Because the dataset is extremely large, we decided to create our own smaller datasets from the larger one. For our project, the most useful dataset to us is the reviews dataset: yelp_academic_dataset_review.json. To begin with our processing, we combine this data with the file: yelp_academic_dataset_business.json in order to extract just the reviews about restaurants. The script that creates this new csv document with only restaurant reviews is restaurant_review_script.py. Run using:
python3 restaurant_review_script.py
After creating the csv file, we further analyzed the data to decide how to distill it to create our training and test sets. For more details, please refer to the Jupyter notebook: data_analysis.ipynb.
This is a test dataset with number entries. We make sure that the distribution of star ratings is equal. So, if there are 1000 entries, then there will be 200 1-star reviews.
This is a test dataset with number entries. We make sure that the distribution of star ratings is equal. So, if there are 1000 entries, then there will be 200 1-star reviews. The content of the train datasets and the test datasets are the same in structure, but we ensure that any pair of train and test files created are mutually exclusive. To create a pair of mutually exclusive train and test files, run:
python3 create_data_script.py --train_size=[TRAIN_SIZE] --test_size=[TEST_SIZE]
For this project, we use BERT from Google Research. More information about the model can be found in their paper. Essentially, BERT allows us to take advantage of pre-trained models, and simply by adding a single layer, we can fine-tune the model to our desired task. BERT has been shown to be extremely effective in a multitude of sequence processing tasks. To use BERT, we use the transformers library, which gives us access to a host of pre-trained models, one of which is BERT. The transformers library also goes the extra step of including pre-implemented task-specific models. For our project, we use BertForSequenceClassification
. We also include the option of usng DistilBert instead of Bert in our training and testing scripts. In this case, our code uses DistilBertForSequenceClassification
.
The training script is train_model.py and takes in the following optional arguments:
- --data_dir: The directory where data is stored (default is 'data')

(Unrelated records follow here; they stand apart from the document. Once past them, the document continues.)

lemma imp_conv_iff_tendsto:
  assumes c: "ereal c < x0"
    and U: "\<And>y. c \<le> y \<Longrightarrow> ereal y < x0 \<Longrightarrow> (H has_integral (U y - U c)) {c..y}"
  shows "imp_conv x0 c H \<longleftrightarrow> (\<exists>L. (U \<longlongrightarrow> L) (to_x0 x0))"
proof -
  have "eventually (\<lambda>y. integral {c..y} H = U y - U c) (to_x0 x0)"
    using eventually_to_x0_above[OF c] by (rule eventually_mono) (use U in \<open>auto intro: integral_unique\<close>)
  then have "((\<lambda>y. integral {c..y} H) \<longlongrightarrow> L) (to_x0 x0) \<longleftrightarrow> ((\<lambda>y. U y - U c) \<longlongrightarrow> L) (to_x0 x0)" for L
    by (rule tendsto_cong)
  also have "((\<lambda>y. U y - U c) \<longlongrightarrow> L) (to_x0 x0) \<longleftrightarrow> (U \<longlongrightarrow> L + U c) (to_x0 x0)" for L
    using tendsto_add_const_iff[of "- U c" U "L + U c" "to_x0 x0"] by simp
  finally have lim: "((\<lambda>y. integral {c..y} H) \<longlongrightarrow> L) (to_x0 x0) \<longleftrightarrow> (U \<longlongrightarrow> L + U c) (to_x0 x0)" for L .
  have "\<forall>y. c \<le> y \<and> ereal y < x0 \<longrightarrow> H integrable_on {c..y}" using U by blast
  moreover have "(\<exists>L. ((\<lambda>y. integral {c..y} H) \<longlongrightarrow> L) (to_x0 x0)) \<longleftrightarrow> (\<exists>L. (U \<longlongrightarrow> L) (to_x0 x0))"
  proof
    assume "\<exists>L. (U \<longlongrightarrow> L) (to_x0 x0)"
    then obtain L where "(U \<longlongrightarrow> L) (to_x0 x0)" by blast
    then show "\<exists>L. ((\<lambda>y. integral {c..y} H) \<longlongrightarrow> L) (to_x0 x0)" using lim[of "L - U c"] by auto
  qed (use lim in blast)
  ultimately show ?thesis unfolding imp_conv_def by blast
qed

- --review_file: The file to find the cleaned reviews (default uses 'yelp_reviews_train5000.csv')
- --batch_size: The size of batches to use (default is 32)
- --train_ratio: The ratio of examples to use for training (default is 0.85)
- --epochs: The number of epochs to run (default is set to 4)
- --model_save: The directory to save the model after training (default is ./model_save)
- --nolog: Option to disable logging, which is on by default
- --distil: Option to use DistilBert instead of Bert
We separate our training dataset into batches using a random sampler in an attempt to remove any symmetry associated with the dataset. Once training is done, the model is automatically saved into the directory provided either as an optional argument, or the default model_save directory. The training script also automatically saves the hyperparameters used in the training run.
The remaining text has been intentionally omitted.